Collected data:
========================

lemma linear_minus_half_exp_le:
  fixes a b x w :: real
  assumes "0 < a" "a \<le> x" "x \<le> b"
  shows "x * w - exp w / 2 \<le> (b + 1)^2 - min a 1 * \<bar>w\<bar>"
proof (cases "w \<ge> 0")
  case True
  have "w^2/4 \<le> exp w / 2"
    using exp_lower_Taylor_quadratic[OF True] True by (simp add: power2_eq_square)
  moreover have "x * w \<le> b * w"
    using True assms by (simp add: mult_right_mono)
  moreover have "(b + 1) * w \<le> w^2/4 + (b + 1)^2"
    using zero_le_power2[of "w/2 - (b + 1)"] by (simp add: power2_eq_square algebra_simps)
  moreover have "min a 1 * w \<le> w"
    using True mult_right_mono[of "min a 1" 1 w] by simp
  ultimately show ?thesis
    using True by (simp add: algebra_simps)
next
  case False
  then have "x * w \<le> min a 1 * w"
    using assms by (intro mult_right_mono_neg) auto
  moreover have "min a 1 * \<bar>w\<bar> = - (min a 1 * w)"
    using False by simp
  ultimately show ?thesis
    using exp_ge_zero[of w] zero_le_power2[of "b + 1"] by linarith
qed

lemma besselK_exponent_le:
  fixes a b x w s :: real
  assumes "0 < a" "a \<le> x" "x \<le> b"
  shows "x * w - exp w - s^2/4 * exp (- w) \<le> - s/2 + (b + 1)^2 - min a 1 * \<bar>w\<bar>"
proof -
  have "0 \<le> s^2/4 * exp (- w)"
    by simp
  then show ?thesis
    using exp_add_exp_neg_ge[of s w] linear_minus_half_exp_le[OF assms, of w] by linarith
qed

lemma besselK_exponent_shift:
  fixes s v t :: real
  assumes "s > 0"
  shows "v * (t + ln (s/2)) - exp (t + ln (s/2)) - s^2/4 * exp (- (t + ln (s/2)))
           = v * ln (s/2) + (v * t - s * cosh t)"
proof -
  have "exp (t + ln (s/2)) = exp t * (s/2)" "exp (- (t + ln (s/2))) = exp (- t) * (2/s)"
    using assms by (simp_all add: exp_add exp_diff exp_minus field_simps)
  then show ?thesis
    using assms by (simp add: cosh_def field_simps power2_eq_square)
qed

definition besselK_integrand :: "real \<Rightarrow> complex \<Rightarrow> real \<Rightarrow> complex" where
  "besselK_integrand s z w = exp (z * of_real w - of_real (exp w + s^2/4 * exp (- w)))"

definition besselK_integral :: "real \<Rightarrow> complex \<Rightarrow> complex" where
  "besselK_integral s z = integral UNIV (besselK_integrand s z)"

lemma norm_besselK_integrand_le:
  assumes "nu > 0" "z \<in> cball (of_real nu) (nu/2)"
  shows "norm (besselK_integrand s z w)
           \<le> exp (- s/2) * (exp ((3*nu/2 + 1)^2) * exp (- min (nu/2) 1 * \<bar>w\<bar>))"
proof -
  have "\<bar>Re (of_real nu - z)\<bar> \<le> nu/2"
    using assms(2) abs_Re_le_cmod[of "of_real nu - z"] by (simp add: dist_norm)
  then have "nu/2 \<le> Re z" "Re z \<le> 3*nu/2"
    unfolding abs_le_iff by auto
  then have "Re z * w - exp w - s^2/4 * exp (- w)
      \<le> - s/2 + (3*nu/2 + 1)^2 - min (nu/2) 1 * \<bar>w\<bar>"
    using assms(1) by (intro besselK_exponent_le) auto
  then show ?thesis
    by (simp add: besselK_integrand_def norm_exp_eq_Re flip: exp_add)
qed

lemma integrable_besselK_majorant:
  fixes nu s :: real
  assumes "nu > 0"
  shows "(\<lambda>w. exp (- s/2) * (exp ((3*nu/2 + 1)^2) * exp (- min (nu/2) 1 * \<bar>w\<bar>)))
           integrable_on UNIV"
  using assms by (intro integrable_on_mult_right integrable_exp_neg_abs) auto

lemma
  assumes "nu > 0"
  shows continuous_on_besselK_integral: "continuous_on (cball (of_real nu) (nu/2)) (besselK_integral s)"
    and holomorphic_on_besselK_integral: "besselK_integral s holomorphic_on ball (of_real nu) (nu/2)"
proof -
  have derivative: "((\<lambda>z. besselK_integrand s z t) has_field_derivative
      of_real t * besselK_integrand s z t) (at z)" for z t
    unfolding besselK_integrand_def by (auto intro!: derivative_eq_intros)
  have continuous_derivative: "continuous_on UNIV (\<lambda>(z, t). of_real t * besselK_integrand s z t)"
    unfolding besselK_integrand_def by (auto simp: case_prod_beta intro!: continuous_intros)
  have continuous: "continuous_on UNIV (besselK_integrand s z)" for z
    unfolding besselK_integrand_def by (intro continuous_intros)
  note integral_UNIV = continuous_on_integral_UNIV holomorphic_on_integral_UNIV
  from integral_UNIV[OF derivative continuous_derivative continuous integrable_besselK_majorant[OF assms] _
      norm_besselK_integrand_le[OF assms]]
  show "continuous_on (cball (of_real nu) (nu/2)) (besselK_integral s)"
    and "besselK_integral s holomorphic_on ball (of_real nu) (nu/2)"
    unfolding besselK_integral_def by simp_all
qed

lemma norm_besselK_integral_le:
  assumes "nu > 0" "z \<in> cball (of_real nu) (nu/2)"
  shows "norm (besselK_integral s z)
           \<le> exp (- s/2) * (exp ((3*nu/2 + 1)^2) * integral UNIV (\<lambda>w. exp (- min (nu/2) 1 * \<bar>w\<bar>)))"
proof -
  have "besselK_integrand s z integrable_on UNIV"
    using norm_besselK_integrand_le[OF assms]
    by (intro measurable_bounded_by_integrable_imp_integrable[OF _ integrable_besselK_majorant[OF assms(1)]]
          continuous_imp_measurable_on_sets_lebesgue)
      (auto simp: besselK_integrand_def intro!: continuous_intros)
  then have "norm (besselK_integral s z) \<le> integral UNIV
      (\<lambda>w. exp (- s/2) * (exp ((3*nu/2 + 1)^2) * exp (- min (nu/2) 1 * \<bar>w\<bar>)))"
    unfolding besselK_integral_def
    using integrable_besselK_majorant[OF assms(1)] norm_besselK_integrand_le[OF assms]
    by (rule integral_norm_bound_integral)
  then show ?thesis
    by simp
qed

lemma absolutely_integrable_besselK_exponent:
  fixes v s :: real
  assumes v: "v > 0"
  shows "(\<lambda>w. exp (v * w - exp w - s^2/4 * exp (- w))) absolutely_integrable_on UNIV"
proof (rule measurable_bounded_by_integrable_imp_absolutely_integrable)
  show "(\<lambda>w. exp (v * w - exp w - s^2/4 * exp (- w))) \<in> borel_measurable (lebesgue_on UNIV)"
    by (intro continuous_imp_measurable_on_sets_lebesgue continuous_intros) auto
  show "norm (exp (v * w - exp w - s^2/4 * exp (- w)))
      \<le> exp (- s/2) * (exp ((3 * v / 2 + 1)^2) * exp (- min (v/2) 1 * \<bar>w\<bar>))" for w
    using norm_besselK_integrand_le[OF v, of "of_real v" s w] v
    by (simp add: besselK_integrand_def norm_exp_eq_Re diff_diff_eq)
qed (use integrable_besselK_majorant[OF v] in auto)

lemma integral_besselK_exponent:
  fixes v s :: real
  assumes v: "v > 0" and s: "s > 0"
  shows "integral UNIV (\<lambda>w. exp (v * w - exp w - s^2/4 * exp (- w)))
           = 2 powr (1 - v) * s powr v * besselK v s"
proof -
  define \<psi> where "\<psi> = (\<lambda>w. exp (v * w - exp w - s^2/4 * exp (- w)))"
  define \<phi> where "\<phi> t = exp (v * t - s * cosh t)" for t
  define P where "P = (s/2) powr v"
  have \<psi>_integrable: "\<psi> absolutely_integrable_on UNIV"
    unfolding \<psi>_def using v by (rule absolutely_integrable_besselK_exponent)
  have "\<psi> (t + ln (s/2)) = P * \<phi> t" for t
    using besselK_exponent_shift[OF s, of v t] s
    by (simp add: \<psi>_def \<phi>_def P_def powr_def exp_add mult.commute)
  with \<psi>_integrable have \<phi>_integrable: "\<phi> absolutely_integrable_on UNIV"
    and \<phi>_integral: "P * integral UNIV \<phi> = integral UNIV \<psi>"
    using absolutely_integrable_translate_real[of \<psi> "ln (s/2)"]
      integral_translate_real[of \<psi> "ln (s/2)"] s
    by (auto simp: P_def set_integrable_mult_right_iff)
  have "\<phi> t + \<phi> (- t) = 2 * (exp (- s * cosh t) * cosh (v * t))" for t
  proof -
    have "\<phi> t = exp (v * t) * exp (- s * cosh t)" "\<phi> (- t) = exp (- (v * t)) * exp (- s * cosh t)"
      by (simp_all add: \<phi>_def flip: exp_add)
    then show ?thesis
      by (simp add: cosh_def algebra_simps)
  qed
  then have "2 * besselK v s = integral {0..} (\<lambda>t. \<phi> t + \<phi> (- t))"
    by (simp add: besselK_def flip: integral_mult_right)
  also have "\<dots> = integral UNIV \<phi>"
    using \<phi>_integrable by (rule integral_nonneg_even_part)
  finally have "integral UNIV \<psi> = 2 * P * besselK v s"
    using \<phi>_integral by (metis mult.assoc mult.commute)
  also have "2 * P = 2 powr (1 - v) * s powr v"
    using s by (simp add: P_def powr_divide powr_diff)
  finally show ?thesis
    unfolding \<psi>_def .
qed

lemma besselK_integral_of_real:
  fixes v s :: real
  assumes "v > 0" "s > 0"
  shows "besselK_integral s (of_real v) = of_real (2 powr (1 - v) * s powr v * besselK v s)"
proof -
  let ?\<psi> = "\<lambda>w. exp (v * w - exp w - s^2/4 * exp (- w))"
  have "besselK_integrand s (of_real v) = (\<lambda>w. of_real (?\<psi> w))"
    by (simp add: fun_eq_iff besselK_integrand_def diff_diff_eq flip: exp_of_real)
  moreover have "?\<psi> integrable_on UNIV"
    using absolutely_integrable_besselK_exponent[OF assms(1)]
    by (rule set_lebesgue_integral_eq_integral(1))
  then have "((\<lambda>w. complex_of_real (?\<psi> w)) has_integral of_real (integral UNIV ?\<psi>)) UNIV"
    by (intro has_integral_of_real integrable_integral)
  ultimately show ?thesis
    unfolding besselK_integral_def integral_besselK_exponent[OF assms] by (simp add: integral_unique)
qed

definition matern_radial :: "real \<Rightarrow> real \<Rightarrow> real" where
  "matern_radial nu s = 2 powr (1 - nu) / Gamma nu * s powr nu * besselK nu s"

lemma matern_radial_eq_Re:
  assumes "v > 0" "s > 0"
  shows "matern_radial v s = Re (rGamma (of_real v) * besselK_integral s (of_real v))"
  unfolding besselK_integral_of_real[OF assms] rGamma_complex_of_real of_real_mult[symmetric]
    Re_complex_of_real
  by (simp add: matern_radial_def rGamma_inverse_Gamma divide_inverse ac_simps)

lemma norm_rGamma_besselK_integral_le:
  assumes nu: "nu > 0"
  obtains K where "K \<ge> 0"
    "\<And>s (z :: complex). z \<in> cball (of_real nu) (nu/2) \<Longrightarrow>
       norm (rGamma z * besselK_integral s z) \<le> K * exp (- s/2)"
proof -
  have "compact (rGamma ` cball (of_real nu :: complex) (nu/2))"
    by (intro compact_continuous_image continuous_on_rGamma compact_cball)
  then obtain R where R: "R > 0"
    "\<And>z :: complex. z \<in> cball (of_real nu) (nu/2) \<Longrightarrow> norm (rGamma z) \<le> R"
    by (auto dest!: compact_imp_bounded simp: bounded_pos)
  define I where "I = exp ((3*nu/2 + 1)^2) * integral UNIV (\<lambda>w. exp (- min (nu/2) 1 * \<bar>w\<bar>))"
  have "0 \<le> integral UNIV (\<lambda>w. exp (- min (nu/2) 1 * \<bar>w\<bar>))"
    using nu by (intro integral_nonneg integrable_exp_neg_abs) auto
  then have "I \<ge> 0"
    by (simp add: I_def)
  show ?thesis
  proof (rule that[of "R * I"])
    show "R * I \<ge> 0"
      using R(1) \<open>I \<ge> 0\<close> by simp
    fix s and z :: complex
    assume "z \<in> cball (of_real nu) (nu/2)"
    then have "norm (rGamma z) * norm (besselK_integral s z) \<le> R * (exp (- s/2) * I)"
      using R norm_besselK_integral_le[OF nu, of z s] by (intro mult_mono) (auto simp: I_def)
    then show "norm (rGamma z * besselK_integral s z) \<le> R * I * exp (- s/2)"
      by (simp add: norm_mult ac_simps)
  qed
qed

========================

● Work required:
Copy each line from the data above that includes "fixes".

● Solution for this task:
  fixes a b x w :: real
  fixes a b x w s :: real
  fixes s v t :: real
  fixes nu s :: real
  fixes v s :: real
  fixes v s :: real
  fixes v s :: real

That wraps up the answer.